→ Extracted entries
+ + + +
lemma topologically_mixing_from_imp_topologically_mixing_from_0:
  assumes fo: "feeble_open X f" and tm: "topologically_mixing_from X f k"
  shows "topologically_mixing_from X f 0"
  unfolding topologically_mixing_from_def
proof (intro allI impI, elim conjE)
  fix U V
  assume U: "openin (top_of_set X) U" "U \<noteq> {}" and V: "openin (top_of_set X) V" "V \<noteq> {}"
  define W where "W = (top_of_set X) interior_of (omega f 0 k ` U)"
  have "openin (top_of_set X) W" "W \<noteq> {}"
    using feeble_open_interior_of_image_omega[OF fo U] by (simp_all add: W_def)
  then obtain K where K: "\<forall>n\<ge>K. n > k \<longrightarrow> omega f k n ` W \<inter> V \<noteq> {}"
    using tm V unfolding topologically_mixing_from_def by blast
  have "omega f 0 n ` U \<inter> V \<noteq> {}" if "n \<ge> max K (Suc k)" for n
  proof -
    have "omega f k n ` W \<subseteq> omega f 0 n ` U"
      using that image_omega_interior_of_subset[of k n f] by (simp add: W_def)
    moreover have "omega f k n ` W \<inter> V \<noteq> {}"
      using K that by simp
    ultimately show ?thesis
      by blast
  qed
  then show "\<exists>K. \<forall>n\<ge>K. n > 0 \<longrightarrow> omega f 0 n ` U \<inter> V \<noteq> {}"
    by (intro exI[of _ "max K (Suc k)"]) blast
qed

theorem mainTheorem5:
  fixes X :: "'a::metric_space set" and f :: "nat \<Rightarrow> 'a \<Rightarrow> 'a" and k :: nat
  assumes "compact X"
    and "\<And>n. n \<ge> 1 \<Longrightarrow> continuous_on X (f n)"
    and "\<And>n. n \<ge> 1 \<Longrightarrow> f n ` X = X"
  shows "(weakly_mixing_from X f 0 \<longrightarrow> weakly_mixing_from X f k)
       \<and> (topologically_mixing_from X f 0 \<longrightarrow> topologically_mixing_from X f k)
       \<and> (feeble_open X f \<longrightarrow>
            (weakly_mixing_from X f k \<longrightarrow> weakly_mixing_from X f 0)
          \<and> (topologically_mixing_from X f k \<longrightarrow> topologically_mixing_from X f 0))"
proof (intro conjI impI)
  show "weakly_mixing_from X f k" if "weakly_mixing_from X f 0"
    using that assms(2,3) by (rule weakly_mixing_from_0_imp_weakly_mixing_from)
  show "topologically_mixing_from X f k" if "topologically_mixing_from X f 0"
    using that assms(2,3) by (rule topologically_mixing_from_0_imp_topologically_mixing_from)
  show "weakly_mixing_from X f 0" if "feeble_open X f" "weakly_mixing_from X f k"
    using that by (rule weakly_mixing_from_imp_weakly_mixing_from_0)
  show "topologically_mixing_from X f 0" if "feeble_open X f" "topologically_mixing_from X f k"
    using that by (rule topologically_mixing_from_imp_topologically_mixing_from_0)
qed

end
+ + + +
→ Activity
Copy the lines of the data above exactly as written, beginning with the line containing "weakly_mixing_from X f k)" and ending with the line containing "proof (intro conjI impI)", and leave out all other lines.

→ Result for this task
  shows "(weakly_mixing_from X f 0 \<longrightarrow> weakly_mixing_from X f k)
       \<and> (topologically_mixing_from X f 0 \<longrightarrow> topologically_mixing_from X f k)
       \<and> (feeble_open X f \<longrightarrow>
            (weakly_mixing_from X f k \<longrightarrow> weakly_mixing_from X f 0)
          \<and> (topologically_mixing_from X f k \<longrightarrow> topologically_mixing_from X f 0))"
proof (intro conjI impI)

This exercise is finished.